**ASSIGNMENT:** Search term "Analysis": please show all lines in the listing that contain it.

**INPUT DATA:**
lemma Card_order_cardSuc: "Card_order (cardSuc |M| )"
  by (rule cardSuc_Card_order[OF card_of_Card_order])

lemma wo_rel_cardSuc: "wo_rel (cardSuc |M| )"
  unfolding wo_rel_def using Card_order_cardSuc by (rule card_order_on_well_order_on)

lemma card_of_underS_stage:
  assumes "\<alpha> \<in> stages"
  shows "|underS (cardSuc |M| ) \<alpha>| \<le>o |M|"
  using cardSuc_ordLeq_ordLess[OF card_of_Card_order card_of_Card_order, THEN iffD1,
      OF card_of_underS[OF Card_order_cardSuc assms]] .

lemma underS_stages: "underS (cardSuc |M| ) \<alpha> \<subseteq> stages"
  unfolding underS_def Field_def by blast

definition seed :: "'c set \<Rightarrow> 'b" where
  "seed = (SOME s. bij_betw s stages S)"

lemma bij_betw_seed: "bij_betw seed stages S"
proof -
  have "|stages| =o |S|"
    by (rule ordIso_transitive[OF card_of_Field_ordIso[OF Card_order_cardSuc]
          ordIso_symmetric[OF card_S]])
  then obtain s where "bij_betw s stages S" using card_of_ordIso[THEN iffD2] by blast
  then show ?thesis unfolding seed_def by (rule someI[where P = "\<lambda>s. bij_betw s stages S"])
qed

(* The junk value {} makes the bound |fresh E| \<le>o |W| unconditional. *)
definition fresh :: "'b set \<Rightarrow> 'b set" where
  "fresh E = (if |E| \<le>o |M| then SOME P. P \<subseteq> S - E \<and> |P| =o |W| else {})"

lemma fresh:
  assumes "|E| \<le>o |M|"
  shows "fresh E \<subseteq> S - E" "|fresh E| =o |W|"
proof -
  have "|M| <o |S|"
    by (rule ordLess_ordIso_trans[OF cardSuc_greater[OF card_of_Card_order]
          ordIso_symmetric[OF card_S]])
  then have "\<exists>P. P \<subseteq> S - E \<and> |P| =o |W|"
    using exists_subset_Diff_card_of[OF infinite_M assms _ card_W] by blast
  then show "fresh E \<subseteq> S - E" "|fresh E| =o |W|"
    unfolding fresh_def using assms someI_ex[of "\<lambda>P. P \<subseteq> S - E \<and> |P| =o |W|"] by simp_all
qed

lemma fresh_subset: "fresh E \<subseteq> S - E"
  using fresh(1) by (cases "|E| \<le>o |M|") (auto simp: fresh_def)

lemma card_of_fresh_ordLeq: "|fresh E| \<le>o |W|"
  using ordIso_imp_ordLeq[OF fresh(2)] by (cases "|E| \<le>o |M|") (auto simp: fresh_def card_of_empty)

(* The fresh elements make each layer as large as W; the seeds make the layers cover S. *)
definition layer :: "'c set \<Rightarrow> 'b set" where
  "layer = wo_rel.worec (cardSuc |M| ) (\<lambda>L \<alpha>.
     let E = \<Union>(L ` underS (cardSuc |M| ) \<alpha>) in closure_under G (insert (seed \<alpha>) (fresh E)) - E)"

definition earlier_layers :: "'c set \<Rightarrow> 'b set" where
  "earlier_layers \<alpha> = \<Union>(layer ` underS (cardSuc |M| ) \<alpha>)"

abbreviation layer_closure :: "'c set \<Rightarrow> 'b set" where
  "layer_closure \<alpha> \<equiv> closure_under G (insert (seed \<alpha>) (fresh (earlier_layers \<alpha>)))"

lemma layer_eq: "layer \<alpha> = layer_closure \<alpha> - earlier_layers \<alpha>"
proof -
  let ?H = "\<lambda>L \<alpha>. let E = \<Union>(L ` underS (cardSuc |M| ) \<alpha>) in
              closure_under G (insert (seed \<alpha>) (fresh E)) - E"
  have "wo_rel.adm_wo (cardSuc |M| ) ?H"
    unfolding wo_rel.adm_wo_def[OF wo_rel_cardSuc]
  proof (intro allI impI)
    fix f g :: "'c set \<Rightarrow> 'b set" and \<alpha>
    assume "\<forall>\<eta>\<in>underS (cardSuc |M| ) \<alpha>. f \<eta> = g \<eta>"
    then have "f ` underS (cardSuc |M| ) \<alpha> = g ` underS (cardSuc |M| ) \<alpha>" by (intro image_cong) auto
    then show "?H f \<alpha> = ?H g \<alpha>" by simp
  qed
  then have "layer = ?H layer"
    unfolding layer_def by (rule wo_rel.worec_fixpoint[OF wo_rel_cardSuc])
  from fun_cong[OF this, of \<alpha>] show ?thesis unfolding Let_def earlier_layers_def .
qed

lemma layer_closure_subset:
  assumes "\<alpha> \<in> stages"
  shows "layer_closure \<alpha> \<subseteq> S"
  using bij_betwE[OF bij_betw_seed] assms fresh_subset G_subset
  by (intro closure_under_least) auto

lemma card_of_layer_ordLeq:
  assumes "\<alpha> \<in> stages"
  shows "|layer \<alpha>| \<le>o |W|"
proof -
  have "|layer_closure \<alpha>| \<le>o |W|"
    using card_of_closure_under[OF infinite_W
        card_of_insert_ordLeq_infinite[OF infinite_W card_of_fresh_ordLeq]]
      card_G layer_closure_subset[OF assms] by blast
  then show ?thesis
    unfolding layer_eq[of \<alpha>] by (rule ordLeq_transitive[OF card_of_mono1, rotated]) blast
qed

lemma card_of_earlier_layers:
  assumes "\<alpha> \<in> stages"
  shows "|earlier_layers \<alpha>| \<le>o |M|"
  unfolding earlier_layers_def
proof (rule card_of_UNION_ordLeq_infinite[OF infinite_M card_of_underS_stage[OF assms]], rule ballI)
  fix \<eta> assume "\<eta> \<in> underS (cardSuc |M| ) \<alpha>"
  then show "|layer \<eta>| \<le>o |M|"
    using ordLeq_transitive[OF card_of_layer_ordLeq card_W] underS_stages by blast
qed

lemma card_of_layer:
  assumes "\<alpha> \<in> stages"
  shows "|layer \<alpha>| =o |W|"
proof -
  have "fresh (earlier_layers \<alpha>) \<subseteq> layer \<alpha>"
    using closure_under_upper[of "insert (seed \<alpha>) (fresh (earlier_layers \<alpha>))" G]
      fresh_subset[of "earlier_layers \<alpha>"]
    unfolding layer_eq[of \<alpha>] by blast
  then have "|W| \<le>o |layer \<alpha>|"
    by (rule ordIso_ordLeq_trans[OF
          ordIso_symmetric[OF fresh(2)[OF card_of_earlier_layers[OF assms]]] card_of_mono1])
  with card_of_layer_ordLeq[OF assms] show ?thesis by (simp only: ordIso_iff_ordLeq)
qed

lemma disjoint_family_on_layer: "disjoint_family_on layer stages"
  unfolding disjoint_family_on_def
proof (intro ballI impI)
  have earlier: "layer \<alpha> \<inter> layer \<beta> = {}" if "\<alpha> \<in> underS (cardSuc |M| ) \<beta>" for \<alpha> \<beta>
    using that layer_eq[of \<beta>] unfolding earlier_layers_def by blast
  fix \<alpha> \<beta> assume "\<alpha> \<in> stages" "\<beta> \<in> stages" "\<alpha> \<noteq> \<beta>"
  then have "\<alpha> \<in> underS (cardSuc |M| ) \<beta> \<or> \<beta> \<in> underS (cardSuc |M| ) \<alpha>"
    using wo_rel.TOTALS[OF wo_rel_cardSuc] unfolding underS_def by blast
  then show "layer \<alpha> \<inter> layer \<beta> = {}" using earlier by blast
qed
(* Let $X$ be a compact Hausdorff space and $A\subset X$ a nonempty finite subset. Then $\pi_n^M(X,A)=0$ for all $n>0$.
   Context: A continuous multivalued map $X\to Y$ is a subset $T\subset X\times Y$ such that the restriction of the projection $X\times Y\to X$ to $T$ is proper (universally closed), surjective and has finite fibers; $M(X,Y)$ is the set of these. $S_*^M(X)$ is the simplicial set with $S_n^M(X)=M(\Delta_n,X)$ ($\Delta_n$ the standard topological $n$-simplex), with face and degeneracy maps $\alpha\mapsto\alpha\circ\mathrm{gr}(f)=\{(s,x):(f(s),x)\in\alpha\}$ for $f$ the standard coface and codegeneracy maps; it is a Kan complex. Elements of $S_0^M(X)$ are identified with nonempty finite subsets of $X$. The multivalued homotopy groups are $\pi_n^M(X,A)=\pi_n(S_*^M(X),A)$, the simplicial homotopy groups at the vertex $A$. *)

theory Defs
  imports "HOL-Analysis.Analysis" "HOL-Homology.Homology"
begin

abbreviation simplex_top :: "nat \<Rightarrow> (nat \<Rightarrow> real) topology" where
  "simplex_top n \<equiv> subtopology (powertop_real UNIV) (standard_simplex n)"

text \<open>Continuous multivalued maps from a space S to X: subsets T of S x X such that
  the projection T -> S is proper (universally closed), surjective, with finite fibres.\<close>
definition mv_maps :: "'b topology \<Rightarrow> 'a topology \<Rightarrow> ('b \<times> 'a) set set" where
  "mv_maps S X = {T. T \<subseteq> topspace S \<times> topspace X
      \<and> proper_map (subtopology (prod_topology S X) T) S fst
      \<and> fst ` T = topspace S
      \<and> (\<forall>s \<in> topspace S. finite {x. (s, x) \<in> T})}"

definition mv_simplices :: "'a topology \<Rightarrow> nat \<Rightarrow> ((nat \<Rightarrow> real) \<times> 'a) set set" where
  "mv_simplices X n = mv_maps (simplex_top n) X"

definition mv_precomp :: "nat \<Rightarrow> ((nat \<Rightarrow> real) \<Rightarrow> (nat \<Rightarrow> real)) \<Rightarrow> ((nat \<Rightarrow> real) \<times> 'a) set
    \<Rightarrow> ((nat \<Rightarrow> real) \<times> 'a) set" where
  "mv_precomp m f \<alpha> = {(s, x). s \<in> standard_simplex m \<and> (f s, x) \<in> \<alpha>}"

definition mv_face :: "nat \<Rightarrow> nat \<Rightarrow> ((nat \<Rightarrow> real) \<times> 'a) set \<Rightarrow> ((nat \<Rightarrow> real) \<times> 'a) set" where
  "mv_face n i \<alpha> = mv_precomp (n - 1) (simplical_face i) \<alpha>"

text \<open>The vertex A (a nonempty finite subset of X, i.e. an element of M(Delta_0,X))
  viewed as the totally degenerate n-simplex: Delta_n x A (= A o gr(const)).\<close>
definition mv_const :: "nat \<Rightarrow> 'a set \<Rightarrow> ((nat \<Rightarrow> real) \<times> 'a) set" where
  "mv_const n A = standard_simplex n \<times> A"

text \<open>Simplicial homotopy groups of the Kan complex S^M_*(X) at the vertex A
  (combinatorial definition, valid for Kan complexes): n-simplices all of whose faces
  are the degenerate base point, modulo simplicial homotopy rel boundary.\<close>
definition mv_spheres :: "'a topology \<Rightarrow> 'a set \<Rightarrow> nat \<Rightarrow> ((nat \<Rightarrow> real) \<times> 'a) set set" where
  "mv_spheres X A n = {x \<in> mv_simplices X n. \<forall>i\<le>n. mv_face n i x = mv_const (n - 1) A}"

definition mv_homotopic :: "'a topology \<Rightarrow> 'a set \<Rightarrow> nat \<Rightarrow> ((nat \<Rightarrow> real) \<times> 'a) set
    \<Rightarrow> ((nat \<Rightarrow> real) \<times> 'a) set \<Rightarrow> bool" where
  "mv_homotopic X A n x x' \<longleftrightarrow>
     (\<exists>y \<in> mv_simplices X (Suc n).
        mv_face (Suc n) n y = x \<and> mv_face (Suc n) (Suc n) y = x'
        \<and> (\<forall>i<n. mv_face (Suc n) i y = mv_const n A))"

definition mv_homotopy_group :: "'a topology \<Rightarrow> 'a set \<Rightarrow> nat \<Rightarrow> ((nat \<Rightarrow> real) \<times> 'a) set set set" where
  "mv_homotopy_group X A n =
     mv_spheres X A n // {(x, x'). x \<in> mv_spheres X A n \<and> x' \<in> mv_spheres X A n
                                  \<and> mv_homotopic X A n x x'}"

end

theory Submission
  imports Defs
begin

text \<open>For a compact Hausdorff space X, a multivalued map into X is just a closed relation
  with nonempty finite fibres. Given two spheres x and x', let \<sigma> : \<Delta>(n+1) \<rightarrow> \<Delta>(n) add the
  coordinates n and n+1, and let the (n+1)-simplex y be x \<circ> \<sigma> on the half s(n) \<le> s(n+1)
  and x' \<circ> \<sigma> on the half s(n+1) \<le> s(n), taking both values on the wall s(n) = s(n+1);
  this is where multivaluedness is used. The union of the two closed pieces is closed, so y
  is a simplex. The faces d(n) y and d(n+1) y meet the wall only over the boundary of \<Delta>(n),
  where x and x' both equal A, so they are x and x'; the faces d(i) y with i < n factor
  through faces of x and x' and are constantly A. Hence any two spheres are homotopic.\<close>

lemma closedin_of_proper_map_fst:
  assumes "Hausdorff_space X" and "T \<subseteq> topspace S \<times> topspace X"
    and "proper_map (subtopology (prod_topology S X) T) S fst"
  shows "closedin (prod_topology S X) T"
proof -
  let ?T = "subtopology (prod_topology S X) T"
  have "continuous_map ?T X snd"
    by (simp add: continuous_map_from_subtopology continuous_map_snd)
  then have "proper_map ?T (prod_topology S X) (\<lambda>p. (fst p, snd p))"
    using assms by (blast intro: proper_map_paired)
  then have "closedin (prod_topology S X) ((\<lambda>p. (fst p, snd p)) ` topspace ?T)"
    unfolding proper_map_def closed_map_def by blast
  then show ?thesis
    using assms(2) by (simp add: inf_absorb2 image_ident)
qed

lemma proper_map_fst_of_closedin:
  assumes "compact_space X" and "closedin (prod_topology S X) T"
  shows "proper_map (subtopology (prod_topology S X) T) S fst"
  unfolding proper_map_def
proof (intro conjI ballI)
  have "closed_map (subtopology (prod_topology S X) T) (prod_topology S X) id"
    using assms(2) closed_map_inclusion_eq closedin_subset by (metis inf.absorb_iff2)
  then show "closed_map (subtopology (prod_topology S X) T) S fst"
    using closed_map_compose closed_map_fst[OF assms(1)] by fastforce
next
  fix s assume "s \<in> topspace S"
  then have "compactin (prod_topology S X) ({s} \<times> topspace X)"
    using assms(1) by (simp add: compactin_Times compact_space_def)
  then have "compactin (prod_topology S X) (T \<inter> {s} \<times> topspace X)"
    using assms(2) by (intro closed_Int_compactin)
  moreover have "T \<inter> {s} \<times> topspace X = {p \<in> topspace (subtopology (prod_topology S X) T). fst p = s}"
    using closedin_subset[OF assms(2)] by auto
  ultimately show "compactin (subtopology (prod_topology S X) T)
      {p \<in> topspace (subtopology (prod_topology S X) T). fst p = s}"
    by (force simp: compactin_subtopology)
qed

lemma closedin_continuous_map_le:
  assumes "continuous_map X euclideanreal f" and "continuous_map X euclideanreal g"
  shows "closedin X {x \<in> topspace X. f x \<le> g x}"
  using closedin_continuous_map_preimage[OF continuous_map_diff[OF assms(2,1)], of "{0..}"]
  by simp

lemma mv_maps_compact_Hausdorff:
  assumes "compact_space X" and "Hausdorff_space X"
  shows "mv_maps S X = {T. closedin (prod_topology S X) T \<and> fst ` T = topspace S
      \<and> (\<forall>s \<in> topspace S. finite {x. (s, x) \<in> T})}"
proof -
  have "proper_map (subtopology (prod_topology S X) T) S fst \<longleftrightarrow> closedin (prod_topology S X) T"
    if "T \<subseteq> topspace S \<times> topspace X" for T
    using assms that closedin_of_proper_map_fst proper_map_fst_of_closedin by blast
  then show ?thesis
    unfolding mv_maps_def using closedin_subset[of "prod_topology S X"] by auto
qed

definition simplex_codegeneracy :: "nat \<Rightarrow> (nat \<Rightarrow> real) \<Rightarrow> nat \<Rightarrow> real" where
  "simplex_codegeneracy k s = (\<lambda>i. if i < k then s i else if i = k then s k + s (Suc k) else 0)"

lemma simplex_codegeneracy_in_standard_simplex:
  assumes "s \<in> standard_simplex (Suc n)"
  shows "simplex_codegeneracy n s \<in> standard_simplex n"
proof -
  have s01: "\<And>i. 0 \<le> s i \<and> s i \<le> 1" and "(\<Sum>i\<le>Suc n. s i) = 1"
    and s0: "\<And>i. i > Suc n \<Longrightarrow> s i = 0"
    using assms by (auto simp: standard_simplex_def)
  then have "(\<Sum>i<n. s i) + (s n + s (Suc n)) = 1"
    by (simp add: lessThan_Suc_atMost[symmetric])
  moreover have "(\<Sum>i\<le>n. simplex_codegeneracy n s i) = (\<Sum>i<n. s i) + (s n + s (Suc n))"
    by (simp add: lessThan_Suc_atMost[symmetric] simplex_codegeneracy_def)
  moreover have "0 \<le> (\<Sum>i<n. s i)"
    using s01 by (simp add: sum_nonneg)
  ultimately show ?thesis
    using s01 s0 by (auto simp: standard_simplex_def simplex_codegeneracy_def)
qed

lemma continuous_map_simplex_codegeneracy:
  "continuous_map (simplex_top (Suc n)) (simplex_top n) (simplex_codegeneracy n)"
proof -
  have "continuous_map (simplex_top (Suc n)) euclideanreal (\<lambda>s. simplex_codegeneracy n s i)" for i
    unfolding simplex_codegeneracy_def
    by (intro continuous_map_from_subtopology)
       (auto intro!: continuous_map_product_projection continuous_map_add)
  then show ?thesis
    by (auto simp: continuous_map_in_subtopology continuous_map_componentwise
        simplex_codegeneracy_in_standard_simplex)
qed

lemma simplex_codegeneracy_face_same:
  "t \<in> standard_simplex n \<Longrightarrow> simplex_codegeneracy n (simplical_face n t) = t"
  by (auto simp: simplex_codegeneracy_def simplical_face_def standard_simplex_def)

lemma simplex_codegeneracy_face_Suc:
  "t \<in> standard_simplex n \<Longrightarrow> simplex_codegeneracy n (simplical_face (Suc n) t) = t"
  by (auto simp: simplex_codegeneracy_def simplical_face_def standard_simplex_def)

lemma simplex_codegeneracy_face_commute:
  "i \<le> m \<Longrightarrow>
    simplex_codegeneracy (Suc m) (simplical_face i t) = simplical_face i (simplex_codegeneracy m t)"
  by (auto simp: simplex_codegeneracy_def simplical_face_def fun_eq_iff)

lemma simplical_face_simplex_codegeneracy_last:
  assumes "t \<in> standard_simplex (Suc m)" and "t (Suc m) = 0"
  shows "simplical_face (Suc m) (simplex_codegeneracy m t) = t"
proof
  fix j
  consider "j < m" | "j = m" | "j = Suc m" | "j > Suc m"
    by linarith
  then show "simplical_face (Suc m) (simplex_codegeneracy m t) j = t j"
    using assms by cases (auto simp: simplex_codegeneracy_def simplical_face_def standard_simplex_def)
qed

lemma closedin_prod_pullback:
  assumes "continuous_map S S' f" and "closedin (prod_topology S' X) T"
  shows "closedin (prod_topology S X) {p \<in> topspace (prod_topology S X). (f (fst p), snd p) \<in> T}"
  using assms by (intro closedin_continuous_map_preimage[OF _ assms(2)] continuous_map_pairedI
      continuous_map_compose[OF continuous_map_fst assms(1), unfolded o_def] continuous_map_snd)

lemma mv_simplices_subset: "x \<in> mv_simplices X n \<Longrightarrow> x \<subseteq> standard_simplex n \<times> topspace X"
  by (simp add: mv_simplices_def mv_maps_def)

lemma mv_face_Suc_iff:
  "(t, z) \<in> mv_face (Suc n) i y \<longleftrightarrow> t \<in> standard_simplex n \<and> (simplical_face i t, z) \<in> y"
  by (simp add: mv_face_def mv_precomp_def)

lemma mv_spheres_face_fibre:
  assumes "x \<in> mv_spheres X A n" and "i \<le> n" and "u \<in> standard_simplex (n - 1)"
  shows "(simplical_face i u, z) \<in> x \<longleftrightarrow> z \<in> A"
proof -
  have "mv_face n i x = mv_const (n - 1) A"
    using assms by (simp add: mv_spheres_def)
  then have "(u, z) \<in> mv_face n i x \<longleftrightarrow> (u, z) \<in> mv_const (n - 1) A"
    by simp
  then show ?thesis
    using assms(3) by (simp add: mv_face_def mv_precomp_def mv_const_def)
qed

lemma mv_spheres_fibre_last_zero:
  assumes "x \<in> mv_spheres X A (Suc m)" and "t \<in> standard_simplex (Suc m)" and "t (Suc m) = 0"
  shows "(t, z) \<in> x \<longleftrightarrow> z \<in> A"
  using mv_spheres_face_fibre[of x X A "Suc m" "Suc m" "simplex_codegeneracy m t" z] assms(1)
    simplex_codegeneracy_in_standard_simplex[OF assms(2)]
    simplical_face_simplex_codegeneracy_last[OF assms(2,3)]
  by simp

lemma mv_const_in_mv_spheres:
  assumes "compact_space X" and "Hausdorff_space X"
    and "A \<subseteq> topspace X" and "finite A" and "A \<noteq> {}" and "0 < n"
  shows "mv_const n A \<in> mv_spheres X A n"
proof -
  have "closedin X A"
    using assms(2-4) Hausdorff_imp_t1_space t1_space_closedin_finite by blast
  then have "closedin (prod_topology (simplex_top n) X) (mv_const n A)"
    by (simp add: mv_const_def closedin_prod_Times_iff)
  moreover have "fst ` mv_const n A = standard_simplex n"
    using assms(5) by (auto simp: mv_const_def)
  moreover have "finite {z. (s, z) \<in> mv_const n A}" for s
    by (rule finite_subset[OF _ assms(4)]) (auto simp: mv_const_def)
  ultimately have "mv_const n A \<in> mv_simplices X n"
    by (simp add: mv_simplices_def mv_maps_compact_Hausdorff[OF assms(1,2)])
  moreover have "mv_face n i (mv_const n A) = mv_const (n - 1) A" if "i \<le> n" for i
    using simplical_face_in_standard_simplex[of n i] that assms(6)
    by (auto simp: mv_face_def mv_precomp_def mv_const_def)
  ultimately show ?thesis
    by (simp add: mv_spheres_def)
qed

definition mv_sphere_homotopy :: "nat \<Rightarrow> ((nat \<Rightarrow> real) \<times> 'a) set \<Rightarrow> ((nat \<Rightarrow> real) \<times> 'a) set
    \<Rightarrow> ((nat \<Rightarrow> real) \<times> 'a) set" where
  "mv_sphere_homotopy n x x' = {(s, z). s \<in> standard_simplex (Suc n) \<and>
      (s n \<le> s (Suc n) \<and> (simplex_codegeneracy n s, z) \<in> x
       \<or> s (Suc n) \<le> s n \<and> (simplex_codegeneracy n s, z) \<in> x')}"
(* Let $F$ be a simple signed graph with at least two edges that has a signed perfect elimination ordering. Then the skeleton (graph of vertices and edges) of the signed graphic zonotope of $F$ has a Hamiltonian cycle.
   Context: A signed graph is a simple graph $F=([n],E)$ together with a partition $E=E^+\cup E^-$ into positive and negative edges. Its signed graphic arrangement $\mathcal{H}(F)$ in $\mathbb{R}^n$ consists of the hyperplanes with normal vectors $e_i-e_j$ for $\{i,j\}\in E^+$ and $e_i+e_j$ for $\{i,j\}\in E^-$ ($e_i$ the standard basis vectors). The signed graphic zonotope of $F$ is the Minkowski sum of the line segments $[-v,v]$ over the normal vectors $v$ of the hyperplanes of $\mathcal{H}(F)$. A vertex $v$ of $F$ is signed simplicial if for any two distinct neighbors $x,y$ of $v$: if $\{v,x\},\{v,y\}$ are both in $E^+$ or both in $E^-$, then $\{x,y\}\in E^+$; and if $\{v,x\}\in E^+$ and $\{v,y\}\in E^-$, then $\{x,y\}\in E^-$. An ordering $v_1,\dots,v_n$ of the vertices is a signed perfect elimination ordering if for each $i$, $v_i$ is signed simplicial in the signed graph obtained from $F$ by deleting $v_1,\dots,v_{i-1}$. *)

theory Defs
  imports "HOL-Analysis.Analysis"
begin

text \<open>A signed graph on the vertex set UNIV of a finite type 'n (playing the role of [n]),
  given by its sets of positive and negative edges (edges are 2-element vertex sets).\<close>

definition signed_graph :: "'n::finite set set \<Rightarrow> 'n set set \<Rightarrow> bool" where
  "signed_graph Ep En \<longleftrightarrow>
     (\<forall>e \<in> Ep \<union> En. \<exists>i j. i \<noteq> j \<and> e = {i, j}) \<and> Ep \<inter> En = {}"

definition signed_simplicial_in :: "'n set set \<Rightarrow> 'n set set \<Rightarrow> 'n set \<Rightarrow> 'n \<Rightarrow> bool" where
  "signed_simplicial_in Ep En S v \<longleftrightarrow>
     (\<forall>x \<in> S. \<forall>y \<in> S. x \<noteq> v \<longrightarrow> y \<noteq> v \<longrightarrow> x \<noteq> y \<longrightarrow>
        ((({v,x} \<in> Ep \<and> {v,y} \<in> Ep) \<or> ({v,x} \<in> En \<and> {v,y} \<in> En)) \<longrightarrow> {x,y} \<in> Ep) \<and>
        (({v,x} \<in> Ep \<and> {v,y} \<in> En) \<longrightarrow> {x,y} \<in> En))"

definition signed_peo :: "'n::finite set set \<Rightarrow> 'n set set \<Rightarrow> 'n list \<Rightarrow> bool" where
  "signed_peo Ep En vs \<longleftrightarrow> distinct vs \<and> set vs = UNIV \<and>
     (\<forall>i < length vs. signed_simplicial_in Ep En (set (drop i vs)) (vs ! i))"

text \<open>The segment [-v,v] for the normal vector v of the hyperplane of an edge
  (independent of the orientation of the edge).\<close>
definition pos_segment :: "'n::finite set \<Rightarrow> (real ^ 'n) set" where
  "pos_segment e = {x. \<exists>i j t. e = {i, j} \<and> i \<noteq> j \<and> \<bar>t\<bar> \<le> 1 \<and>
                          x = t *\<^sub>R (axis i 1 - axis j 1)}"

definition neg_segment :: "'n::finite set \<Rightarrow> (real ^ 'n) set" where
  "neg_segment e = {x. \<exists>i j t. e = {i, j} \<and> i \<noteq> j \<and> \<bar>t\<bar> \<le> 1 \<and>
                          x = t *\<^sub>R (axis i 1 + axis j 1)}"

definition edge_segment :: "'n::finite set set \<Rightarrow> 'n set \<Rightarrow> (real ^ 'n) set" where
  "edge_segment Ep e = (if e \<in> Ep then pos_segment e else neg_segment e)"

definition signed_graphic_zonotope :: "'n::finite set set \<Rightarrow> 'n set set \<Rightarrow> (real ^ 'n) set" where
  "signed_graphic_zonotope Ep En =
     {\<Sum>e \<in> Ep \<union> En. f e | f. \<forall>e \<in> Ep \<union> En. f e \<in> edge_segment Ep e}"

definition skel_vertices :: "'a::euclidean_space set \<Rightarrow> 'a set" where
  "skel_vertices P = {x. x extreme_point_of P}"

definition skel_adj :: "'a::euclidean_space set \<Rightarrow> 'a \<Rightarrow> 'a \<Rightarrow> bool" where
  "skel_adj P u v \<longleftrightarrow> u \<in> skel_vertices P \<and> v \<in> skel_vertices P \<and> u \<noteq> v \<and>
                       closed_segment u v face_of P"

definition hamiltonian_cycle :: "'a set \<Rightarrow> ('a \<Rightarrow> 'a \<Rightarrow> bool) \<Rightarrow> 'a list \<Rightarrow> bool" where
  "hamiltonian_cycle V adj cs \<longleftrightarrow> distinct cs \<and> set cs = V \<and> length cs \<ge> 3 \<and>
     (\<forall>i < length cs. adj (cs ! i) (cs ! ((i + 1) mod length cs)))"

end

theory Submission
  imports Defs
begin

**TASK RESULT:**
  imports "HOL-Analysis.Analysis" "HOL-Homology.Homology"
  imports "HOL-Analysis.Analysis"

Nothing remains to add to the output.